== Brief ==
Below are the entries; return every line among them that holds the word "dots".

== Dataset extract ==
● ● ● ● ● ● ●
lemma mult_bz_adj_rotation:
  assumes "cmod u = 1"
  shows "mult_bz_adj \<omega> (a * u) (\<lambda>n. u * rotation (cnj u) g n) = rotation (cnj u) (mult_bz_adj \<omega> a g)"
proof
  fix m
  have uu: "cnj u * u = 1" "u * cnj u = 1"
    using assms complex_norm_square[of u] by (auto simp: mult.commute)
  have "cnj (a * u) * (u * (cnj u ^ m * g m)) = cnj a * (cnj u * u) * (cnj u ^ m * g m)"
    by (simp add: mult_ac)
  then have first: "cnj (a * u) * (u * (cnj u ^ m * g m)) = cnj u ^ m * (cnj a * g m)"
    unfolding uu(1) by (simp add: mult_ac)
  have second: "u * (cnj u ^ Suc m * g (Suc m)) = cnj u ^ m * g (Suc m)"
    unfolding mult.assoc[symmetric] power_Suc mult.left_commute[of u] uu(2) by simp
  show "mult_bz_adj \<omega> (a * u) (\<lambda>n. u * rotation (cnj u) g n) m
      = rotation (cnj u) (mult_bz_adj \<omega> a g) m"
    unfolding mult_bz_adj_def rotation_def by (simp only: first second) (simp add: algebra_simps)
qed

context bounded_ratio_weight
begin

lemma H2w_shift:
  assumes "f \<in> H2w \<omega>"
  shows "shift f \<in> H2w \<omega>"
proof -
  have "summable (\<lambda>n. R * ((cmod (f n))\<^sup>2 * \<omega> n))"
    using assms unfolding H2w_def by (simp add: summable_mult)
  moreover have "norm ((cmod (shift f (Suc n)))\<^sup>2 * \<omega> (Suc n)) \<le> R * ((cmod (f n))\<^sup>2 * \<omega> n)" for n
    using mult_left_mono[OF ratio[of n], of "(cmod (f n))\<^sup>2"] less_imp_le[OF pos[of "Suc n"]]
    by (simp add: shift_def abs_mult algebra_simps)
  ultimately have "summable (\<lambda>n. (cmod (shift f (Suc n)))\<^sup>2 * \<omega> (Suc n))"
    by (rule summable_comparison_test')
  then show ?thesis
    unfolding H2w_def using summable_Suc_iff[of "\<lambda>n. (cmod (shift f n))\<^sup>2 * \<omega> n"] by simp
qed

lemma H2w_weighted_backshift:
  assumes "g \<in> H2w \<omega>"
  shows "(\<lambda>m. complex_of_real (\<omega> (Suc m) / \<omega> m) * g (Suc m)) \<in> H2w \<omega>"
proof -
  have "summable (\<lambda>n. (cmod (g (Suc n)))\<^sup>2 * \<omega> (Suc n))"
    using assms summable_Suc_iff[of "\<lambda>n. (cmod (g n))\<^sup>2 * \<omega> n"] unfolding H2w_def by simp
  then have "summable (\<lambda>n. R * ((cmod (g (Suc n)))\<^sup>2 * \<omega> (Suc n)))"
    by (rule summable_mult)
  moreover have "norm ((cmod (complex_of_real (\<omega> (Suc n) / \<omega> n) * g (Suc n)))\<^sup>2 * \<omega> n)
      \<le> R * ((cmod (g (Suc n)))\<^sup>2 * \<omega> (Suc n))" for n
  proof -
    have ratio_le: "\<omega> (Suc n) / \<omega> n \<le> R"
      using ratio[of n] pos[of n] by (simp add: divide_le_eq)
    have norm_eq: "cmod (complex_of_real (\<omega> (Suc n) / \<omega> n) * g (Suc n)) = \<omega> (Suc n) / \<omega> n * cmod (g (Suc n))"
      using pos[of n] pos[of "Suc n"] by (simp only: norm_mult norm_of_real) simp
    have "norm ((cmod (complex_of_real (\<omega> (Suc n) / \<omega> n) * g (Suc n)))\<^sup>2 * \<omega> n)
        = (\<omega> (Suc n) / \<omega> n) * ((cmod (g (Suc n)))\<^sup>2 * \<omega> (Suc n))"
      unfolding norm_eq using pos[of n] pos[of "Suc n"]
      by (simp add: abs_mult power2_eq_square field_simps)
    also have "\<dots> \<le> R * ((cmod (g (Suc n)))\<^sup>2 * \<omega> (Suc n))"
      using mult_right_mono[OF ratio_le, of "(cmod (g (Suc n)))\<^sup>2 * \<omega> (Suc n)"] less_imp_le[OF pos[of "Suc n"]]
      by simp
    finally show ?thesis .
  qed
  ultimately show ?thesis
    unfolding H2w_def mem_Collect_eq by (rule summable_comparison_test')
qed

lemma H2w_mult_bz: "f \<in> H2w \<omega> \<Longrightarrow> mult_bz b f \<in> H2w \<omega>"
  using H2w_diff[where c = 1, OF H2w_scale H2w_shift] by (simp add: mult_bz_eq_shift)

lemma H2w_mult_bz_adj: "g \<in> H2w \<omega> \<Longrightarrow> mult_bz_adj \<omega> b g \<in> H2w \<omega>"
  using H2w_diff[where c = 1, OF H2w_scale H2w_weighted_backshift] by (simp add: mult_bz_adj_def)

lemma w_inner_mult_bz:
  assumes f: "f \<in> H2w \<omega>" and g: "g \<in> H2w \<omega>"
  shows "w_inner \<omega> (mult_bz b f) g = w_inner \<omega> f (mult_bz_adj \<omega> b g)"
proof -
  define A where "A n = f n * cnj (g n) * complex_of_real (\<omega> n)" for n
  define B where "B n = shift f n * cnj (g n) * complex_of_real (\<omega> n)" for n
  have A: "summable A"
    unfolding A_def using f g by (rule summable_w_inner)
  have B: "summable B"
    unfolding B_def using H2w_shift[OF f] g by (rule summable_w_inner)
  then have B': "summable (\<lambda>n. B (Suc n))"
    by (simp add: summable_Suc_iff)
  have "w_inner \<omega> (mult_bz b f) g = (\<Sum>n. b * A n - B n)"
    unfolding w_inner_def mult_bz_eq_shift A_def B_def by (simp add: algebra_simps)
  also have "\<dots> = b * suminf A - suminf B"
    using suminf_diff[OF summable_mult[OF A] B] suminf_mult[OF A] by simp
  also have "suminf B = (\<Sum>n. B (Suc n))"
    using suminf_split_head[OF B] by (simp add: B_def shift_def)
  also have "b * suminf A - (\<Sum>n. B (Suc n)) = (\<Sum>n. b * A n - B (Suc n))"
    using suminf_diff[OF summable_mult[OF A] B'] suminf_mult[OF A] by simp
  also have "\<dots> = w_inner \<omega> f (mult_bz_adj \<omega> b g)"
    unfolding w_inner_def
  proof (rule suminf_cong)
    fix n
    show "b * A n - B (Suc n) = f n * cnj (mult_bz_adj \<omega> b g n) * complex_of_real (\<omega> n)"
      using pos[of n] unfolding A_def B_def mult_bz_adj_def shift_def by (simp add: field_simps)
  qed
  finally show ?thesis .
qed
● ● ● ● ● ● ●
== Task response ==
    also have "\<dots> \<le> R * ((cmod (g (Suc n)))\<^sup>2 * \<omega> (Suc n))"
  also have "\<dots> = b * suminf A - suminf B"
  also have "\<dots> = w_inner \<omega> f (mult_bz_adj \<omega> b g)"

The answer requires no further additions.